In this embodiment, the inner circumferential surface 2 of each portion of the cylinder 2 is
Suction nozzles 3a to 3e for 10a to 210e
Generally, in this type of drying cylinder, the ear portion of the cylinder becomes overheated, so there is no need to provide a suction nozzle on the inner peripheral surface of the portion corresponding to the ear portion. This is because the thickness of the condensate film layer formed on the inner peripheral surface of the part must be thicker than the thickness of the condensate film layer formed on the inner peripheral surface of the central part to suppress the amount of heat supplied. Therefore, there is no need to suck up the condensate using a suction nozzle, and the thickness of the condensate film layer can be adjusted by changing the height of the annular weir in stages.

In the embodiments described above, the annular weir is provided with one or two stages of discharge parts, but it is also possible to provide three or more stages.

The suction nozzle used in the drying cylinder with variable axial heating degree according to the present invention may be a so-called rotary siphon type in which the suction nozzle rotates together with the cylinder, or a suction nozzle that is fixed and does not rotate together with the cylinder. It may be of the so-called fixed siphon type.

〔effect〕

According to the drying cylinder with variable axial heating degree of the present invention,
During the operation of the drying tube, the thickness of the condensate film layer collected inside can be adjusted in various ways in the axial direction of the drying tube. It is possible to quickly respond to and overcome various factors that impede uniform heating drying across the width of the papermaking material, such as fluctuations in the moisture profile of the papermaking material. Uniformly heated and dried.

[Brief explanation of drawings]

FIG. 1a is a side sectional view of a drying tube with an axial heating degree adjusting device according to the present invention.
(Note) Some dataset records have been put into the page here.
(* Let $\mathbb{F}$ be an algebraically closed field of characteristic $0$, $D$ an $\mathbb{F}$-vector space with $\dim D=3$, and $\Gamma\subseteq D^{\ast}$ an additive subgroup with $\Gamma\simeq\mathbb{Z}^3$ and $\bigcap_{\alpha\in\Gamma}\ker\alpha=\{0\}$. Let $M=\bigoplus_{\theta\in\Gamma}M_\theta$ be a $\Gamma$-graded $\mathcal{S}(\Gamma,D)$-module with $\dim M_\theta=1$, $M_\theta=\mathbb{F}w_\theta$. Let $\sigma,\rho\in\Gamma$ be $\mathbb{Z}$-linearly independent, let $\tilde\partial_1$ be a nonzero vector of the one-dimensional space $\ker\sigma\cap\ker\rho$, $\tilde\partial_2\in\ker\sigma\setminus\mathbb{F}\tilde\partial_1$ and $\tilde\partial_3\in\ker\rho\setminus\mathbb{F}\tilde\partial_1$. Suppose that for some $\nu\in\Gamma$, $x^{-\sigma}\tilde\partial_1.x^{\sigma}\tilde\partial_1.w_\nu\neq0$ and $x^{-\rho}\tilde\partial_1.x^{\rho}\tilde\partial_1.w_\nu\neq0$. Let $a_1,b_1$ be any nonzero scalars with $x^{-\sigma}\tilde\partial_1.x^{\sigma}\tilde\partial_1.w_\nu=a_1^2w_\nu$ and $x^{-\rho}\tilde\partial_1.x^{\rho}\tilde\partial_1.w_\nu=b_1^2w_\nu$. Then there exist nonzero $v_{\nu+i\sigma+k\rho}\in M_{\nu+i\sigma+k\rho}$ ($i,k\in\mathbb{Z}$) such that $x^{\pm\sigma}\tilde\partial_1.v_{\nu+i\sigma+k\rho}=a_1v_{\nu+(i\pm1)\sigma+k\rho}$ and $x^{\pm\rho}\tilde\partial_1.v_{\nu+i\sigma+k\rho}=b_1v_{\nu+i\sigma+(k\pm1)\rho}$ for all $i,k\in\mathbb{Z}$. Moreover, for any such family, writing $x^{\sigma}\tilde\partial_2.v_\nu=a_2v_{\nu+\sigma}$, $x^{\rho}\tilde\partial_3.v_\nu=a_3v_{\nu+\rho}$ and $x^{\sigma+\rho}\tilde\partial_1.v_\nu=dv_{\nu+\sigma+\rho}$, one has for all $i,k\in\mathbb{Z}$: $x^{\sigma+\rho}\tilde\partial_1.v_{\nu+i\sigma+k\rho}=dv_{\nu+(i+1)\sigma+(k+1)\rho}$, $x^{\pm\sigma}\tilde\partial_2.v_{\nu+i\sigma+k\rho}=\big(a_2+k\rho(\tilde\partial_2)\tfrac{d}{b_1}\big)v_{\nu+(i\pm1)\sigma+k\rho}$, $x^{\pm\rho}\tilde\partial_3.v_{\nu+i\sigma+k\rho}=\big(a_3+i\sigma(\tilde\partial_3)\tfrac{d}{a_1}\big)v_{\nu+i\sigma+(k\pm1)\rho}$, and $a_1^2=b_1^2=d^2$.
   Context: $\mathcal{S}(\Gamma,D)$ is the Lie algebra spanned by $x^\alpha\partial$ with $\alpha\in\Gamma\setminus\{0\}$, $\partial\in\ker\alpha$ (linear in $\partial$), with bracket $[x^\alpha\partial_1,x^\beta\partial_2]=x^{\alpha+\beta}(\beta(\partial_1)\partial_2-\alpha(\partial_2)\partial_1)$. A $\Gamma$-graded module satisfies $x^\alpha\partial.M_\theta\subseteq M_{\alpha+\theta}$. *)

theory Defs
  imports "HOL-Analysis.Analysis" "HOL-Computational_Algebra.Polynomial"
begin

text \<open>The space D is modelled as 'f^3; its dual D* is identified with 'f^3 via the
  pairing below, so alpha(d) = dpair alpha d.\<close>

definition dpair :: "'f::field ^ 3 \<Rightarrow> 'f ^ 3 \<Rightarrow> 'f" where
  "dpair \<alpha> d = (\<Sum>i\<in>UNIV. \<alpha> $ i * d $ i)"

definition is_Z3_lattice :: "('f::field ^ 3) set \<Rightarrow> bool" where
  "is_Z3_lattice \<Gamma> \<longleftrightarrow>
     (\<exists>g1 g2 g3.
        \<Gamma> = {of_int i *s g1 + of_int j *s g2 + of_int k *s g3 | i j k. True} \<and>
        (\<forall>i j k :: int. of_int i *s g1 + of_int j *s g2 + of_int k *s g3 = 0
                        \<longrightarrow> i = 0 \<and> j = 0 \<and> k = 0))"

text \<open>The carrier is the type 'm with F-scalar
  multiplication smul; Mg theta is the homogeneous component M_theta; act alpha d m is
  the action of the element x^alpha d (alpha in Gamma - {0}, d in ker alpha) on m.
  A representation of S(Gamma,D) = (direct sum over alpha of x^alpha ker alpha) is the
  same as a family of maps, linear in d on ker alpha, with values in End(M), respecting the bracket.\<close>
definition graded_S_module ::
  "('f::field ^ 3) set \<Rightarrow> ('f \<Rightarrow> 'm::ab_group_add \<Rightarrow> 'm) \<Rightarrow> ('f ^ 3 \<Rightarrow> 'm set)
     \<Rightarrow> ('f ^ 3 \<Rightarrow> 'f ^ 3 \<Rightarrow> 'm \<Rightarrow> 'm) \<Rightarrow> bool" where
  "graded_S_module \<Gamma> smul Mg act \<longleftrightarrow>
     vector_space smul \<and>
     (\<forall>\<theta>\<in>\<Gamma>. module.subspace smul (Mg \<theta>)) \<and>
     \<comment> \<open>M is the direct sum of the M_theta, theta in Gamma\<close>
     (\<forall>m. \<exists>!f. (\<forall>\<theta>. f \<theta> \<in> Mg \<theta>) \<and> (\<forall>\<theta>. \<theta> \<notin> \<Gamma> \<longrightarrow> f \<theta> = 0) \<and>
               finite {\<theta>. f \<theta> \<noteq> 0} \<and> m = sum f {\<theta>. f \<theta> \<noteq> 0}) \<and>
     \<comment> \<open>each x^alpha d acts linearly on M\<close>
     (\<forall>\<alpha>\<in>\<Gamma> - {0}. \<forall>d. dpair \<alpha> d = 0 \<longrightarrow>
        (\<forall>m m'. act \<alpha> d (m + m') = act \<alpha> d m + act \<alpha> d m') \<and>
        (\<forall>c m. act \<alpha> d (smul c m) = smul c (act \<alpha> d m))) \<and>
     \<comment> \<open>the action is linear in d in ker alpha\<close>
     (\<forall>\<alpha>\<in>\<Gamma> - {0}. \<forall>d d' c m. dpair \<alpha> d = 0 \<longrightarrow> dpair \<alpha> d' = 0 \<longrightarrow>
        act \<alpha> (c *s d + d') m = smul c (act \<alpha> d m) + act \<alpha> d' m) \<and>
     \<comment> \<open>bracket relation; for alpha + beta = 0 the bracket is 0 in S(Gamma,D)\<close>
     (\<forall>\<alpha>\<in>\<Gamma> - {0}. \<forall>\<beta>\<in>\<Gamma> - {0}. \<forall>d1 d2 m. dpair \<alpha> d1 = 0 \<longrightarrow> dpair \<beta> d2 = 0 \<longrightarrow>
        act \<alpha> d1 (act \<beta> d2 m) - act \<beta> d2 (act \<alpha> d1 m) =
          (if \<alpha> + \<beta> = 0 then 0
           else act (\<alpha> + \<beta>) (dpair \<beta> d1 *s d2 - dpair \<alpha> d2 *s d1) m)) \<and>
     \<comment> \<open>grading: x^alpha d . M_theta is contained in M_(alpha+theta)\<close>
     (\<forall>\<alpha>\<in>\<Gamma> - {0}. \<forall>d \<theta> m. dpair \<alpha> d = 0 \<longrightarrow> \<theta> \<in> \<Gamma> \<longrightarrow> m \<in> Mg \<theta> \<longrightarrow>
        act \<alpha> d m \<in> Mg (\<alpha> + \<theta>))"

end

theory Submission
  imports Defs
begin

text \<open>
  The operators x^(\<plusminus>\<sigma>) \<partial>1 and x^(\<plusminus>\<rho>) \<partial>1 pairwise commute, because \<partial>1 lies in the kernels of
  both \<sigma> and \<rho>. Hence x^(-\<sigma>) \<partial>1 x^\<sigma> \<partial>1 and x^(-\<rho>) \<partial>1 x^\<rho> \<partial>1 act as a1^2 and b1^2 on everything
  reachable from w \<nu>, so the rescaled operators 1/a1 x^(\<plusminus>\<sigma>) \<partial>1 and 1/b1 x^(\<plusminus>\<rho>) \<partial>1 are
  mutually inverse there; iterating them from w \<nu> produces the family v.

  For a given family, every homogeneous component being one-dimensional, each further operator
  sends v at a lattice point to a multiple of v at the shifted point. Since x^\<sigma> \<partial>2 commutes with
  x^(\<plusminus>\<sigma>) \<partial>1 and [x^\<sigma> \<partial>2, x^\<rho> \<partial>1] = \<rho>(\<partial>2) x^(\<sigma>+\<rho>) \<partial>1, the coefficients propagate from the
  origin. Evaluating [x^\<sigma> \<partial>2, x^(\<rho>-\<sigma>) \<partial>1] and [x^\<rho> \<partial>3, x^(-\<sigma>) \<partial>1] at the origin forces
  d^2 = b1^2, and the bracket of x^(-\<sigma>) \<partial>2 with [x^\<sigma> \<partial>2, x^\<rho> \<partial>3] = x^(\<sigma>+\<rho>) (\<rho>(\<partial>2) \<partial>3 - \<sigma>(\<partial>3) \<partial>2)
  determines x^(-\<sigma>) \<partial>2. Exchanging the roles of \<sigma> and \<rho> gives the rest. All this needs
  \<rho>(\<partial>2) \<noteq> 0 \<noteq> \<sigma>(\<partial>3), which holds because ker \<sigma> \<inter> ker \<rho> is a line: \<Gamma> spans the dual space.
\<close>

lemma dpair_add_left: "dpair (\<alpha> + \<beta>) d = dpair \<alpha> d + dpair \<beta> d"
  unfolding dpair_def by (simp add: distrib_right sum.distrib)

lemma dpair_minus_left: "dpair (- \<alpha>) d = - dpair \<alpha> d"
  unfolding dpair_def by (simp add: sum_negf)

lemma dpair_diff_left: "dpair (\<alpha> - \<beta>) d = dpair \<alpha> d - dpair \<beta> d"
  unfolding dpair_def by (simp add: algebra_simps sum_subtractf)

lemma dpair_scale_left: "dpair (c *s \<alpha>) d = c * dpair \<alpha> d"
  unfolding dpair_def by (simp add: sum_distrib_left mult.assoc)

lemma dpair_add_right: "dpair \<alpha> (d + e) = dpair \<alpha> d + dpair \<alpha> e"
  unfolding dpair_def by (simp add: distrib_left sum.distrib)

lemma dpair_diff_right: "dpair \<alpha> (d - e) = dpair \<alpha> d - dpair \<alpha> e"
  unfolding dpair_def by (simp add: algebra_simps sum_subtractf)

lemma dpair_scale_right: "dpair \<alpha> (c *s d) = c * dpair \<alpha> d"
  unfolding dpair_def by (simp add: sum_distrib_left algebra_simps)

lemma dpair_zero_right: "dpair \<alpha> 0 = 0"
  unfolding dpair_def by simp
Figure 1b shows the first
It is a sectional view taken along the line A--I in Figure a. Figure 1c
is a sectional view taken along the Ro-Ro line in FIG. 1b. [Explanation of symbols], 2...Cylinder, 20...Outer peripheral surface,
21...Inner circumferential surface, 210a to 210e...Partial inner circumferential surface, 22a to 22d...Annular weir, 24, 24'
... End plate, 27 ... Inner cavity, 28 ... Introduction channel, 3
... Outlet pipe, 3a to 3e ... Suction nozzle, 30a
~30e... Suction port, p... Paper making material, S... Heated steam, d... Condensate.

Claims (1)

[Scope of Claims] 1. A horizontally arranged cylinder having a smooth heat dissipating outer circumferential surface in which a belt-shaped transitional wet paper material is engaged and dried by heating, and is rotatably supported at both left and right ends provided with an end plate. , having an introduction path for heated steam formed in the cylinder so as to communicate with the inner space of the cylinder, and a suction port opening close to the inner circumferential surface of the cylinder, for sucking the condensate of the heated steam. a suction nozzle for collecting liquid, and a suction amount adjustment part that changes the amount of condensate sucked by the suction nozzle by operating from the outside of the cylinder,
In a drying cylinder comprising an outlet pipe communicating with the suction nozzle and communicating with the outside of the cylinder, an annular weir that partitions the inner circumferential surface of the cylinder into a plurality of parts along the rotational axis direction is installed in the cylinder. a valve provided along the circumferential direction on the inner circumferential surface, forming a discharge port communicating both sides of the annular weir at an appropriate position of the annular weir, and opening and closing the discharge port by moving along the annular weir; a valve body moving means for moving the valve body is disposed near the annular weir, the suction nozzle is disposed in one or more of the parts partitioned by the annular weir, and the valve body is moved. A drying cylinder with an axial heating degree adjusting device, characterized in that the means is operated from outside the cylinder.